Слово "расстреляем" они не произносили. Я не понимал слова "спишем". Неужели – уничтожим, расстреляем? Что, по приговору суда или так? Старшего лейтенанта он называл по имени-отчеству.
; Сейчас мы решим его судьбу.
; Но завтра нас тоже могут оценивать другие, фронт задыхается, а мы вместо того, чтобы отправить его на фронт, умничаем здесь. Что, нас за это должны погладить по головке? Нас сейчас никто не заставляет руководствоваться крайней ситуацией над пропастью, что нам мешает пользоваться серединной позицией? В тюрьме он сидел за свое поведение и почти отбыл свое наказание. А если он бил капитана немецкой разведки, то у него чутье лучше нашего. Место его пленения мы знаем, ставить ему в вину это неправильно, там сдана почти армия в плен, некоторые сейчас озверело борятся с нашей армией, но он же пришел к линии фронта. И этот факт достоин уважения. К нам попали фактически шкура и кости, значит настрадался. Если все, что он рассказал, соответствует действительности, то далеко не всякий на это способен, многие бы сломались, а он выдержал. А как мы должны себя оценить, человек настроен всей своей убежденностью на борьбу, а мы в нем признаем предателя, что он должен сказать о нас? А если нашей судьбой будут распоряжаться такие судьи?
Старший лейтенант все больше подпадал под влияние доводов майора, но продолжал сопротивляться, ссылаясь даже на шрам, который останется над бровью выше глаза.
Майор хитро улыбнулся.
; Значит, оказался сильнее, уверенность в правоте давала силы. А шрам на лице в это трудное время даже украшает молодого мужчину, на нем не написано, где он получен.
Старший лейтенант говорил, что такое нельзя оставлять безнаказанным и, возможно, меня нужно направить в штрафной батальон. Майор обрадовался предложению старшего лейтенанта, но категорически не согласился. До этого времени он как бы убеждал старшего лейтенанта и просил согласия на все доводы, что говорил:
; Нет, такого не может быть, мы сразу же ставим себя в возможную малоприятную ситуацию в будущем. Если мы отправим его в штрафной батальон, значит что-то плохое в его поступках нашли, и мы в любое время можем отвечать за него, если он плохо поступит и потом, с другой стороны, что мы предъявим ему в вину, это тоже проверяется.

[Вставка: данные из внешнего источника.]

theorem lemma5:
  fixes V :: "'a set" and f :: "'a set \<Rightarrow> real"
    and A :: "nat \<Rightarrow> 'a set \<Rightarrow> 'a list"
    and k \<tau> \<eta> :: nat and \<beta> \<alpha> :: real
    and a b :: nat and Y Z E\<^sub>Y E\<^sub>Z X :: "'a set"
  assumes "finite V"
    and "normalized f" and "nonneg_on V f" and "monotone_set_fun V f" and "submodular V f"
    and "subroutine_wf V A" and "\<beta> \<ge> 1" and "beta_iterative V f A \<beta>"
    and "\<eta> \<ge> 1"
    and "real \<eta> \<ge> 4 * (log 2 (real k) + 1)"
    and "2 \<le> \<tau>"
    and "real \<tau> \<le> real k / (3 * real \<eta> * (log 2 (real k) + 2))"
    and "a < b" and "b < length (pro_buckets A V \<tau> \<eta>)"
    and "Y = pro_buckets A V \<tau> \<eta> ! a" and "Z = pro_buckets A V \<tau> \<eta> ! b"
    and "E\<^sub>Y \<subseteq> Y" and "E\<^sub>Z \<subseteq> Z" and "X \<subseteq> V" and "\<alpha> \<ge> 0"
    and "f ((Y - E\<^sub>Y) \<union> X) \<ge> (1 / (1 + \<alpha>)) * f Y"
    and "marg f E\<^sub>Y X \<le> \<alpha> * f X"
  shows "let \<alpha>\<^sub>n\<^sub>e\<^sub>x\<^sub>t = \<beta> * (real (card E\<^sub>Z) / real (card Y)) * (1 + \<alpha>) + \<alpha> in
           marg f E\<^sub>Z ((Y - E\<^sub>Y) \<union> X) \<le> \<alpha>\<^sub>n\<^sub>e\<^sub>x\<^sub>t * f ((Y - E\<^sub>Y) \<union> X)
         \<and> f ((Z - E\<^sub>Z) \<union> (Y - E\<^sub>Y) \<union> X) \<ge> (1 / (1 + \<alpha>\<^sub>n\<^sub>e\<^sub>x\<^sub>t)) * f Z"
proof -
  note bucket = pro_bucket_later_gain[OF assms(1,2,4-9,13-16)]
  define \<gamma> where "\<gamma> = \<beta> * (real (card E\<^sub>Z) / real (card Y))"
  have "\<gamma> \<ge> 0" using assms(7) unfolding \<gamma>_def by simp
  have EZ: "E\<^sub>Z \<subseteq> V" using bucket(2) assms(18) by blast
  have "marg f E\<^sub>Z Y \<le> \<gamma> * f Y" unfolding \<gamma>_def
  proof (rule marg_le_of_singleton_gains[OF assms(4,5) finite_subset[OF EZ assms(1)] EZ bucket(1)])
    show "card Y > 0" if "E\<^sub>Z \<noteq> {}" using that assms(18) bucket(3) by blast
    show "real (card Y) * marg f {e} Y \<le> \<beta> * f Y" if "e \<in> E\<^sub>Z" for e
      using that assms(18) bucket(4) by blast
  qed
  then have first: "marg f E\<^sub>Z ((Y - E\<^sub>Y) \<union> X) \<le> (\<gamma> * (1 + \<alpha>) + \<alpha>) * f ((Y - E\<^sub>Y) \<union> X)"
    by (rule marg_bound_propagates[OF assms(4,5,17) bucket(1) assms(19) EZ assms(20)
          \<open>\<gamma> \<ge> 0\<close> assms(21,22)])
  have "(Y - E\<^sub>Y) \<union> X \<subseteq> V" using bucket(1) assms(19) by blast
  then have "f ((Z - E\<^sub>Z) \<union> ((Y - E\<^sub>Y) \<union> X)) \<ge> (1 / (1 + (\<gamma> * (1 + \<alpha>) + \<alpha>))) * f Z"
    using \<open>\<gamma> \<ge> 0\<close> assms(20)
    by (intro value_after_removal_from_marg_bound[OF assms(4,5,18) bucket(2) _ _ first]) auto
  with first show ?thesis unfolding \<gamma>_def Let_def by (simp add: Un_assoc)
qed

end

То, что происходило в наших стенах, не должно фиксироваться, это будет против нас, что мы за чекисты, что не смогли обуздать даже ослабленного человека. А если будет как-то зафиксирована и твоя вина, – впервые он назвал его на "ты", – но зачем нам это нужно, в наших органах каждая мелочь может обратиться против нас. Почему говорю против нас, а не тебя, а потому, что я за все отвечаю. Его следует срочно отправить на фронт, только по чистой.
Через три дня я находился в новенькой грузовой машине, стоявшей на железнодорожной платформе для отправки на фронт. Испытывая приподнятое настроение и особое чувство осознанной гордости, что отстоял свое право на равных с другими защищать Родину, под Родиной подразумевал себя, своих граждан, наш образ жизни. Непрошенные гости и чужие порядки не нужны. Жена и дочь находились на оккупированной территории, надо за них бороться. Два года жил в униженно-оскорбленном состоянии.
Год тюрьмы – никто не хочет хвастаться проведенным там временем. А его нужно прожить, там, в условиях сниженных и ограниченных правах личности, при широких возможностях произвола, злобы, ненависти к тебе, ведь осужденный уже общепризнан неполноценным человеком, с приклеенным тебе ярлыком – преступник. Но надо и там сохранить себя человеком и не озлобиться.
Плен – надо сравнивать с медленным убийством личности, с отобранием прав и возможностей, с лишением тебя всего человеческого и надо остаться вне животного страха смерти.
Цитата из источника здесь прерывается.